→ **Exercise brief**: Among the entries that follow, find every line with the word "close" and copy it.

→ **Provided entries**:
lemma AE_play_measure_is_play:
  assumes strat: "\<sigma>1 \<in> strategies V1 E" "\<sigma>2 \<in> strategies V2 E"
  shows "AE \<omega> in PM \<sigma>1 \<sigma>2 v. is_play E \<omega>"
proof -
  have "AE \<omega> in PM \<sigma>1 \<sigma>2 v. \<omega> !! Suc i \<in> E (\<omega> !! i)" for i
  proof -
    let ?L = "{xs :: 'v list. set xs \<subseteq> UNIV \<and> length xs = Suc (Suc i)}"
    have "finite ?L"
      by (rule finite_lists_length_eq) simp
    then have "AE \<omega> in PM \<sigma>1 \<sigma>2 v. \<forall>xs\<in>?L. xs ! Suc i \<notin> E (xs ! i) \<longrightarrow> stake (length xs) \<omega> \<noteq> xs"
    proof (rule AE_finite_allI)
      fix xs
      assume "xs \<in> ?L"
      then have "Suc i < length xs"
        by simp
      then show "AE \<omega> in PM \<sigma>1 \<sigma>2 v. xs ! Suc i \<notin> E (xs ! i) \<longrightarrow> stake (length xs) \<omega> \<noteq> xs"
        using AE_play_measure_avoids_null_cylinder[OF prefix_prob_eq_0_if_not_edge[OF strat]]
        by (cases "xs ! Suc i \<in> E (xs ! i)") auto
    qed
    then show ?thesis
    proof (rule AE_mp, intro AE_I2 impI)
      fix \<omega>
      assume "\<forall>xs\<in>?L. xs ! Suc i \<notin> E (xs ! i) \<longrightarrow> stake (length xs) \<omega> \<noteq> xs"
      then have "stake (Suc (Suc i)) \<omega> ! Suc i \<in> E (stake (Suc (Suc i)) \<omega> ! i)"
        by (metis (mono_tags, lifting) length_stake mem_Collect_eq subset_UNIV)
      then show "\<omega> !! Suc i \<in> E (\<omega> !! i)"
        by (simp only: stake_nth lessI less_SucI)
    qed
  qed
  then show ?thesis
    unfolding is_play_def by (simp add: AE_all_countable)
qed

lemma AE_play_measure_shd: "AE \<omega> in PM \<sigma>1 \<sigma>2 v. shd \<omega> = v"
proof -
  have "AE \<omega> in PM \<sigma>1 \<sigma>2 v. \<forall>w\<in>UNIV - {v}. stake (length [w]) \<omega> \<noteq> [w]"
    by (intro AE_finite_allI AE_play_measure_avoids_null_cylinder) (auto simp: prefix_prob_def)
  then show ?thesis
    by (rule AE_mp) (auto intro!: AE_I2)
qed

end

section \<open>Conditioning on the first move\<close>

lemma emeasure_density_indicator_divide:
  assumes "0 < c" "A \<in> sets M" "B \<in> sets M" "finite_measure M"
  shows "emeasure (density M (\<lambda>x. ennreal (indicator A x / c))) B = ennreal (measure M (A \<inter> B) / c)"
proof -
  note [measurable] = \<open>A \<in> sets M\<close> \<open>B \<in> sets M\<close>
  have "emeasure (density M (\<lambda>x. ennreal (indicator A x / c))) B
      = (\<integral>\<^sup>+x. ennreal (1 / c) * indicator (A \<inter> B) x \<partial>M)"
    by (subst emeasure_density) (auto intro!: nn_integral_cong split: split_indicator)
  also have "\<dots> = ennreal (1 / c) * emeasure M (A \<inter> B)"
    by (rule nn_integral_cmult_indicator) simp
  also have "\<dots> = ennreal (measure M (A \<inter> B) / c)"
    using assms by (simp add: finite_measure.emeasure_eq_measure ennreal_mult''[symmetric])
  finally show ?thesis .
qed

lemma sets_stake_stl_cylinder:
  "{\<omega>. stake n (stl \<omega>) = xs} \<in> sets (stream_space (count_space (UNIV :: 'a::countable set)))"
proof -
  have "{\<omega> \<in> space (stream_space (count_space UNIV)). stake n (stl \<omega>) = xs}
      \<in> sets (stream_space (count_space (UNIV :: 'a set)))"
    by measurable
  then show ?thesis
    by (simp add: space_stream_space)
qed

lemma sets_snth_eq:
  "{\<omega>. \<omega> !! n = x} \<in> sets (stream_space (count_space (UNIV :: 'a::countable set)))"
proof -
  have "{\<omega> \<in> space (stream_space (count_space UNIV)). \<omega> !! n = x}
      \<in> sets (stream_space (count_space (UNIV :: 'a set)))"
    by measurable
  then show ?thesis
    by (simp add: space_stream_space)
qed

lemma is_play_stl: "is_play E \<omega> \<Longrightarrow> is_play E (stl \<omega>)"
  unfolding is_play_def by (metis snth.simps(2))

lemma prefix_independent_stl:
  "prefix_independent E \<phi> \<Longrightarrow> is_play E \<omega> \<Longrightarrow> \<phi> (stl \<omega>) = \<phi> \<omega>"
  unfolding prefix_independent_def by (metis is_play_stl sdrop.simps)

context stoch_game
begin

lemma trans_prob_Cons:
  "h \<noteq> [] \<Longrightarrow> trans_prob V1 V2 d \<sigma>1 \<sigma>2 (u # h) y
     = trans_prob V1 V2 d (\<lambda>h. \<sigma>1 (u # h)) (\<lambda>h. \<sigma>2 (u # h)) h y"
  by (simp add: trans_prob_def)

lemma prefix_prob_first_move:
  assumes u: "u \<in> Vp"
  shows "prefix_prob V1 V2 d \<sigma>1 \<sigma>2 u (u # v # ys)
     = d u v * prefix_prob V1 V2 d (\<lambda>h. \<sigma>1 (u # h)) (\<lambda>h. \<sigma>2 (u # h)) v (v # ys)"
proof -
  have "trans_prob V1 V2 d \<sigma>1 \<sigma>2 [u] v = d u v"
    using u Vp_not_V1 Vp_not_V2 by (simp add: trans_prob_def)
  then show ?thesis
    by (simp add: prefix_prob_Cons prod.lessThan_Suc_shift trans_prob_Cons del: prod.lessThan_Suc)
qed

lemma measure_first_move_cylinder:
  assumes u: "u \<in> Vp"
  shows "measure (PM \<sigma>1 \<sigma>2 u) ({\<omega>. \<omega> !! Suc 0 = v} \<inter> {\<omega>. stake (length ys) (stl \<omega>) = ys})
     = d u v * prefix_prob V1 V2 d (\<lambda>h. \<sigma>1 (u # h)) (\<lambda>h. \<sigma>2 (u # h)) v ys"
proof -
  let ?M = "PM \<sigma>1 \<sigma>2 u"
  let ?C = "\<lambda>ys. {\<omega>. stake (length ys) (stl \<omega>) = ys}"
  let ?p = "prefix_prob V1 V2 d (\<lambda>h. \<sigma>1 (u # h)) (\<lambda>h. \<sigma>2 (u # h)) v"
  have tail: "measure ?M (?C (v # zs)) = d u v * ?p (v # zs)" for zs
  proof -
    have "AE \<omega> in ?M. (\<omega> \<in> ?C (v # zs)) = (\<omega> \<in> {\<omega>. stake (length (u # v # zs)) \<omega> = u # v # zs})"
      using AE_play_measure_shd by eventually_elim auto
    then have "measure ?M (?C (v # zs)) = measure ?M {\<omega>. stake (length (u # v # zs)) \<omega> = u # v # zs}"
      by (rule measure_eq_AE) (simp_all only: sets_play_measure sets_stake_stl_cylinder sets_stake_cylinder)
    then show ?thesis
      by (simp only: measure_play_measure_cylinder prefix_prob_first_move[OF u])
  qed
  show ?thesis
  proof (cases ys)
    case Nil
    then have "{\<omega>. \<omega> !! Suc 0 = v} \<inter> ?C ys = ?C [v]"
      by auto
    with Nil tail[of "[]"] show ?thesis
      by (simp add: prefix_prob_def)
  next
    case (Cons x zs)
    show ?thesis
    proof (cases "x = v")
      case True
      with Cons have "{\<omega>. \<omega> !! Suc 0 = v} \<inter> ?C ys = ?C (v # zs)"
        by auto
      with Cons True tail[of zs] show ?thesis
        by simp
    next
      case False
      with Cons have "{\<omega>. \<omega> !! Suc 0 = v} \<inter> ?C ys = {}"
        by auto
      with Cons False show ?thesis
        by (simp add: prefix_prob_def)
    qed
  qed
qed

→ **Result of the task**:
section \<open>Conditioning on the first move\<close>
  note [measurable] = \<open>A \<in> sets M\<close> \<open>B \<in> sets M\<close>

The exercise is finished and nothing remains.